United States v. McAndrew, 480 F. Supp. 1189 (E.D. Va. 1979)
November 21, 1979
Susan D. McANDREW, B. Patrick Waldron and Patricia Warner.
United States District Court, E. D. Virginia, Richmond Division.
*1190 *1191 James H. Walsh, Sp. Prosecutor, Richmond, Va., for plaintiff.
Joseph M. Spivey, III, Dennis W. Dohnal, George Wm. Warren, IV, Richmond, Va., for defendants.
CLARKE, District Judge.
The defendants in this proceeding have been charged with criminal contempt under 18 U.S.C. § 401(3) for wilfully violating provisions of a consent decree incorporated and approved by an order of this Court on June 20, 1978, in the case of Joe Bush, et al. v. Robert E. Bays, et al., 463 F. Supp. 59 (E.D.Va.). Specifically, the defendants are charged with wilfully failing to comply with paragraph 5 of that decree, which provides:
The United States Department of Agriculture agrees to provide lost benefits to members of the plaintiff class whose bonus level was not determined in accordance with directions and instructions issued pursuant to Gutierrez v. Butz [D.C., 415 F. Supp. 827] during the period of May 1, 1977, to October 31, 1977, inclusive. United States Department of Agriculture agrees to provide lost benefits to members of the plaintiff class in accordance with Federal procedures and policies. The parties will develop a list of persons in the plaintiff class potentially eligible for such benefits. Reasonable efforts will be made to notify and provide to such persons their lost benefits.
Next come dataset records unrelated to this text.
lemma sum_labels:
  "(\<Sum>l\<in>labels. F l) = (\<Sum>j<v. \<Sum>t\<in>{4..half}. F (XYY j t)) + (\<Sum>j<v. \<Sum>e<7. F (XYS j e))
     + (\<Sum>i<v. F (YYY i)) + (\<Sum>e<7. F (SSS e))"
proof -
  have "(\<Sum>l\<in>labels. F l) = (\<Sum>l\<in>case_prod XYY ` ({..<v} \<times> {4..half}). F l)
      + (\<Sum>l\<in>case_prod XYS ` ({..<v} \<times> {..<7}). F l)
      + (\<Sum>l\<in>YYY ` {..<v}. F l) + (\<Sum>l\<in>SSS ` {..<7}. F l)"
    unfolding labels_def by (subst sum.union_disjoint; auto)+
  also have "\<dots> = (\<Sum>j<v. \<Sum>t\<in>{4..half}. F (XYY j t)) + (\<Sum>j<v. \<Sum>e<7. F (XYS j e))
      + (\<Sum>i<v. F (YYY i)) + (\<Sum>e<7. F (SSS e))"
    by (subst sum.reindex; simp add: inj_on_def sum.cartesian_product case_prod_unfold)+
  finally show ?thesis .
qed

lemma Y_point_in_block_iff:
  assumes j: "j < v" and a: "a < v"
  shows "v + a \<in> block (XYY j t) \<longleftrightarrow> j \<in> {res (int a + int t), res (int a - int t)}"
    and "v + a \<in> block (XYS j e) \<longleftrightarrow> j = res (int a + 3 - int e)"
    and "v + a \<in> block (YYY j) \<longleftrightarrow> j \<in> {a, res (int a - 2), res (int a - 6)}"
proof -
  show "v + a \<in> block (XYY j t) \<longleftrightarrow> j \<in> {res (int a + int t), res (int a - int t)}"
    using j res_eq_diff_iff[OF j a] res_eq_shift_iff[OF j a] by auto
  have "v + a \<in> block (XYS j e) \<longleftrightarrow> a = res (int j + int e - 3)" using j a by auto
  also have "\<dots> \<longleftrightarrow> j = res (int a + 3 - int e)"
    using res_eq_shift_iff[OF j a, of "int e - 3"] by (simp add: diff_diff_eq2 add_diff_eq)
  finally show "v + a \<in> block (XYS j e) \<longleftrightarrow> j = res (int a + 3 - int e)" .
  show "v + a \<in> block (YYY j) \<longleftrightarrow> j \<in> {a, res (int a - 2), res (int a - 6)}"
    using res_eq_shift_iff[OF j a] by auto
qed
definition partial_aug :: "'a set \<Rightarrow> ('a \<Rightarrow> 'r::comm_ring_1) \<Rightarrow> 'r" where
  "partial_aug C a = (\<Sum>g \<in> carrier G \<inter> C. a g)"

lemma partial_aug_cong:
  "(\<And>g. g \<in> carrier G \<Longrightarrow> a g = b g) \<Longrightarrow> partial_aug C a = partial_aug C b"
  by (simp add: partial_aug_def)

lemma partial_aug_smult: "partial_aug C (\<lambda>x. c * a x) = c * partial_aug C a"
  by (simp add: partial_aug_def sum_distrib_left)

lemma partial_aug_of_int: "partial_aug C (\<lambda>x. of_int (a x)) = of_int (partial_aug C a)"
  by (simp add: partial_aug_def)

lemma partial_aug_gr_of:
  "g \<in> carrier G \<Longrightarrow> partial_aug C (gr_of G g) = (if g \<in> C then 1 else 0)"
  using finite_carrier by (simp add: partial_aug_def gr_of_def sum.If_cases)

lemma partial_aug_mult:
  "partial_aug C (gr_mult G a b)
     = (\<Sum>h\<in>carrier G. \<Sum>k\<in>carrier G. if h \<otimes> k \<in> C then a h * b k else 0)"
proof -
  have "partial_aug C (gr_mult G a b)
      = (\<Sum>g\<in>carrier G. \<Sum>h\<in>carrier G. if g \<in> C then a h * b (inv h \<otimes> g) else 0)"
    by (auto simp: partial_aug_def gr_mult_def sum.inter_restrict[OF finite_carrier] intro!: sum.cong)
  also have "\<dots> = (\<Sum>h\<in>carrier G. \<Sum>g\<in>carrier G. if g \<in> C then a h * b (inv h \<otimes> g) else 0)"
    by (rule sum.swap)
  also have "\<dots> = (\<Sum>h\<in>carrier G. \<Sum>k\<in>carrier G. if h \<otimes> k \<in> C then a h * b k else 0)"
  proof (rule sum.cong[OF refl])
    fix h assume h: "h \<in> carrier G"
    show "(\<Sum>g\<in>carrier G. if g \<in> C then a h * b (inv h \<otimes> g) else 0) =
          (\<Sum>k\<in>carrier G. if h \<otimes> k \<in> C then a h * b k else 0)"
      by (subst sum_carrier_lmult[OF h]) (use h in \<open>auto simp: m_assoc[symmetric] intro!: sum.cong\<close>)
  qed
  finally show ?thesis .
qed

lemma partial_aug_mult_commute:
  assumes "\<And>h k. h \<in> carrier G \<Longrightarrow> k \<in> carrier G \<Longrightarrow> h \<otimes> k \<in> C \<Longrightarrow> k \<otimes> h \<in> C"
  shows "partial_aug C (gr_mult G a b) = partial_aug C (gr_mult G b a)"
proof -
  have "partial_aug C (gr_mult G a b)
      = (\<Sum>k\<in>carrier G. \<Sum>h\<in>carrier G. if h \<otimes> k \<in> C then a h * b k else 0)"
    unfolding partial_aug_mult by (rule sum.swap)
  also have "\<dots> = partial_aug C (gr_mult G b a)"
    unfolding partial_aug_mult
    by (intro sum.cong refl) (use assms in \<open>auto simp: mult.commute\<close>)
  finally show ?thesis .
qed

lemma partial_aug_gr_conj_by:
  assumes "\<And>h k. h \<in> carrier G \<Longrightarrow> k \<in> carrier G \<Longrightarrow> h \<otimes> k \<in> C \<Longrightarrow> k \<otimes> h \<in> C"
    and "gr_conj_by G w w' x y"
  shows "partial_aug C y = partial_aug C x"
proof -
  have "partial_aug C y = partial_aug C (gr_mult G w' (gr_mult G x w))"
    using assms(2) by (simp add: gr_conj_by_def gr_mult_assoc)
  also have "\<dots> = partial_aug C (gr_mult G x (gr_mult G w w'))"
    using partial_aug_mult_commute[OF assms(1), of w' "gr_mult G x w"] by (simp add: gr_mult_assoc)
  also have "\<dots> = partial_aug C x"
    using assms(2) unfolding gr_conj_by_def by (auto intro: partial_aug_cong simp: gr_mult_one_apply)
  finally show ?thesis .
qed

lemma partial_aug_conj_class_gr_conj_by_gr_of:
  fixes a :: "'a \<Rightarrow> int" and w w' :: "'a \<Rightarrow> 'r::{comm_ring_1, ring_char_0}"
  assumes "gr_conj_by G w w' (\<lambda>x. of_int (a x)) (gr_of G g)" and "g \<in> carrier G" "h \<in> carrier G"
  shows "partial_aug (conj_class h) a = (if g \<in> conj_class h then 1 else 0)"
proof -
  have "(of_int (partial_aug (conj_class h) a) :: 'r) = partial_aug (conj_class h) (gr_of G g)"
    using partial_aug_gr_conj_by[OF conj_class_mult_swap[OF \<open>h \<in> carrier G\<close>] assms(1)]
    by (simp add: partial_aug_of_int)
  then show ?thesis
    using assms(2) by (simp add: partial_aug_gr_of split: if_splits)
qed

end

lemma group_C2: "group C2"
  by (rule groupI) (auto simp: C2_def)

lemma carrier_C2 [simp]: "carrier C2 = UNIV"
  by (simp add: C2_def)
lemma span_insert_orthogonal_complement:
  assumes U: "subspace U" and vU: "v \<in> U" and vv: "v \<bullet> v = 1"
    and B: "span B = {x \<in> U. v \<bullet> x = 0}"
  shows "span (insert v B) = U"
proof
  have "B \<subseteq> U" using B span_superset[of B] by blast
  then show "span (insert v B) \<subseteq> U"
    using U vU by (simp add: span_minimal)
  show "U \<subseteq> span (insert v B)"
  proof
    fix x assume x: "x \<in> U"
    have "x - (v \<bullet> x) *\<^sub>R v \<in> span B"
      using x vU vv U by (simp add: B subspace_diff subspace_scale inner_diff_right)
    then have "x - (v \<bullet> x) *\<^sub>R v \<in> span (insert v B)"
      using span_mono[of B "insert v B"] by auto
    moreover have "(v \<bullet> x) *\<^sub>R v \<in> span (insert v B)"
      by (simp add: span_base span_scale)
    ultimately have "x - (v \<bullet> x) *\<^sub>R v + (v \<bullet> x) *\<^sub>R v \<in> span (insert v B)"
      by (rule span_add)
    then show "x \<in> span (insert v B)" by simp
  qed
qed

definition orthonormal_basis :: "(real^'n) set \<Rightarrow> bool" where
  "orthonormal_basis B \<longleftrightarrow> pairwise orthogonal B \<and> (\<forall>b\<in>B. norm b = 1) \<and> span B = UNIV"

definition orthonormal_eigenbasis :: "real^'n^'n \<Rightarrow> (real^'n) set \<Rightarrow> (real^'n \<Rightarrow> real) \<Rightarrow> bool" where
  "orthonormal_eigenbasis M B \<mu> \<longleftrightarrow> orthonormal_basis B \<and> (\<forall>b\<in>B. M *v b = \<mu> b *\<^sub>R b)"

lemma sym_mat_orthonormal_eigenbasis_of_invariant_subspace:
  fixes M :: "real^'n^'n"
  assumes sym: "sym_mat M"
  shows "subspace U \<Longrightarrow> (\<forall>x\<in>U. M *v x \<in> U) \<Longrightarrow> \<exists>B. B \<subseteq> U \<and> pairwise orthogonal B \<and>
     (\<forall>b\<in>B. norm b = 1) \<and> (\<forall>b\<in>B. \<exists>l. M *v b = l *\<^sub>R b) \<and> span B = U"
proof (induction "dim U" arbitrary: U rule: less_induct)
  case less
  show ?case
  proof (cases "U = {0}")
    case True
    then show ?thesis by (intro exI[of _ "{}"]) auto
  next
    case False
    obtain v l where vU: "v \<in> U" and nv: "norm v = 1" and Mv: "M *v v = l *\<^sub>R v"
      using sym_mat_unit_eigenvector_in_invariant_subspace[OF sym less.prems(1) _ False] less.prems(2)
      by blast
    have vv: "v \<bullet> v = 1" using nv by (simp add: norm_eq_1)
    define U' where "U' = {x\<in>U. v \<bullet> x = 0}"
    have sU': "subspace U'"
      using less.prems(1) unfolding U'_def subspace_def by (auto simp: inner_add_right)
    have invU': "\<forall>x\<in>U'. M *v x \<in> U'"
    proof
      fix x assume x: "x \<in> U'"
      have "v \<bullet> (M *v x) = (M *v v) \<bullet> x" using sym_mat_inner_commute[OF sym, of v x] by simp
      also have "\<dots> = 0" using x by (simp add: Mv U'_def)
      finally show "M *v x \<in> U'" using x less.prems(2) by (simp add: U'_def)
    qed
    have "v \<notin> U'" using vv by (simp add: U'_def)
    moreover have "U' \<subseteq> U" by (auto simp: U'_def)
    ultimately have "U' \<subset> U" using vU by blast
    then have "dim U' < dim U"
      using sU' less.prems(1) by (metis dim_psubset span_eq_iff)
    from less.hyps[OF this sU' invU'] obtain B' where B': "B' \<subseteq> U'" "pairwise orthogonal B'"
      "\<forall>b\<in>B'. norm b = 1" "\<forall>b\<in>B'. \<exists>l. M *v b = l *\<^sub>R b" "span B' = U'" by blast
    show ?thesis
    proof (intro exI[of _ "insert v B'"] conjI)
      show "insert v B' \<subseteq> U" using vU B'(1) by (auto simp: U'_def)
      show "pairwise orthogonal (insert v B')"
        using B'(1,2) by (auto simp: pairwise_insert orthogonal_def U'_def inner_commute)
      show "\<forall>b\<in>insert v B'. norm b = 1" using nv B'(3) by auto
      show "\<forall>b\<in>insert v B'. \<exists>l. M *v b = l *\<^sub>R b" using Mv B'(4) by auto
      show "span (insert v B') = U"
        using span_insert_orthogonal_complement[OF less.prems(1) vU vv B'(5)[unfolded U'_def]] .
    qed
  qed
qed

lemma sym_mat_orthonormal_eigenbasis:
  fixes M :: "real^'n^'n"
  assumes "sym_mat M"
  obtains B \<mu> where "orthonormal_eigenbasis M B \<mu>"
proof -
  obtain B where B: "pairwise orthogonal B" "\<forall>b\<in>B. norm b = 1" "\<forall>b\<in>B. \<exists>l. M *v b = l *\<^sub>R b"
    "span B = UNIV"
    using sym_mat_orthonormal_eigenbasis_of_invariant_subspace[OF assms, of UNIV] by auto
  from B(3) obtain \<mu> where "\<forall>b\<in>B. M *v b = \<mu> b *\<^sub>R b" by metis
  with B that show ?thesis by (simp add: orthonormal_eigenbasis_def orthonormal_basis_def)
qed

lemma orthonormal_basis_finite: "orthonormal_basis B \<Longrightarrow> finite B"
  by (simp add: orthonormal_basis_def pairwise_orthogonal_imp_finite)

lemma orthonormal_basis_nonzero: "orthonormal_basis B \<Longrightarrow> b \<in> B \<Longrightarrow> b \<noteq> 0"
  by (force simp: orthonormal_basis_def)

lemma orthonormal_basis_inner:
  assumes "orthonormal_basis B" "b \<in> B" "b' \<in> B"
  shows "b \<bullet> b' = (if b = b' then 1 else 0)"
  using assms by (auto simp: orthonormal_basis_def pairwise_def orthogonal_def norm_eq_1)

lemma orthonormal_basis_expansion:
  assumes "orthonormal_basis B"
  shows "x = (\<Sum>b\<in>B. (x \<bullet> b) *\<^sub>R b)"
  using assms orthonormal_basis_finite[OF assms]
  by (simp add: orthonormal_basis_def orthonormal_basis_expand)

lemma orthonormal_basis_nonzero_coeff:
  assumes "orthonormal_basis B" "x \<noteq> 0"
  obtains b where "b \<in> B" "x \<bullet> b \<noteq> 0"
proof -
  have "\<not> (\<forall>b\<in>B. x \<bullet> b = 0)"
    using orthonormal_basis_expansion[OF assms(1), of x] assms(2) by force
  with that show ?thesis by blast
qed

lemma orthonormal_basis_matrix_eq:
  fixes A C :: "real^'n^'n"
  assumes "orthonormal_basis B" "\<And>b. b \<in> B \<Longrightarrow> A *v b = C *v b"
  shows "A = C"
proof -
  have "A *v x = C *v x" for x
    using real_vector.linear_eq_on_span[OF matrix_vector_mul_linear matrix_vector_mul_linear, of B A C x]
      assms by (auto simp: orthonormal_basis_def)
  then show ?thesis by (simp add: matrix_eq)
qed

lemma orthonormal_eigenbasis_mult:
  assumes "orthonormal_eigenbasis M B \<mu>"
  shows "M *v x = (\<Sum>b\<in>B. (\<mu> b * (x \<bullet> b)) *\<^sub>R b)"
proof -
  have "M *v x = (\<Sum>b\<in>B. (x \<bullet> b) *\<^sub>R (M *v b))"
    using assms by (subst orthonormal_basis_expansion[of B x])
      (simp_all add: orthonormal_eigenbasis_def vec.sum matrix_vector_mult_scaleR)
  then show ?thesis using assms by (simp add: orthonormal_eigenbasis_def mult.commute)
qed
Eligibility workers in the two local offices will screen all migrant applicants during the remainder of 1978 to determine eligibility for such lost benefits.
This paragraph was incorporated in the June 20 order through the following provision:
The parties representing to the Court that implementation of the Consent Agreement has commenced on a voluntary basis and that such Agreement on its face, appears to represent a fair and reasonable settlement of this Action, and is concurred in by the Court, it is further ORDERED that the parties shall, until further Order of this Court, continue to comply with the terms of such Agreement.
This order and the consent decree were drafted by the parties to that action, or their counsel, and were entered by Judge Warriner at the request of the parties.
Each of the defendants has filed a motion to dismiss or vacate the criminal contempt charges against them on various grounds. These motions will be considered together in this order.
The first ground relied upon by the defendants in their motions to dismiss is that the order and consent decree underlying these charges fail to meet the procedural requirements of Rule 65(d) of the Federal Rules of Civil Procedure, and therefore cannot form the basis for a charge of criminal contempt. Rule 65(d) provides:
Every order granting an injunction and every restraining order shall set forth the *1192 reasons for its issuance; shall be specific in terms; shall describe in reasonable detail, and not by reference to the complaint or other document, the act or acts sought to be restrained; and is binding only upon the parties to the action, their officers, agents, servants, employees, and attorneys, and upon those persons in active concert or participation with them who receive actual notice of the order by personal service or otherwise.
The defendants contend that the order which they are charged with violating contravenes this Rule by reason of its reference to an outside document, the consent decree, and is therefore totally defective. Moreover, they contend that this infirmity is compounded by the further reference in paragraph five of the decree to certain procedures, described simply as the "directions and instructions issued pursuant to Gutierrez v. Butz."
Rule 65(d) embodies the elementary due process requirement of notice. United States Steel Corp. v. United Mine Wkrs. of America, 519 F.2d 1236 (5th Cir. 1975), cert. denied, 428 U.S. 910, 96 S. Ct. 3221, 49 L. Ed. 2d 1217 (1976). It is designed to assure that "a federal court frame[s] its orders so that those who must obey them will know what the Court intends to require and what it means to forbid." International Longshoremen's Assoc., Local 1291 v. Philadelphia Marine Trade Assoc., 389 U.S. 64, 76, 88 S. Ct. 201, 208, 19 L. Ed. 2d 236 (1976). As Judge Wyzanski has eloquently noted, "Rule 65(d) is no mere extract from a manual of procedural practice. It is a page from the book of liberty." H. K. Porter Co., Inc. v. National Friction Products, 568 F.2d 24, 27 (7th Cir. 1977).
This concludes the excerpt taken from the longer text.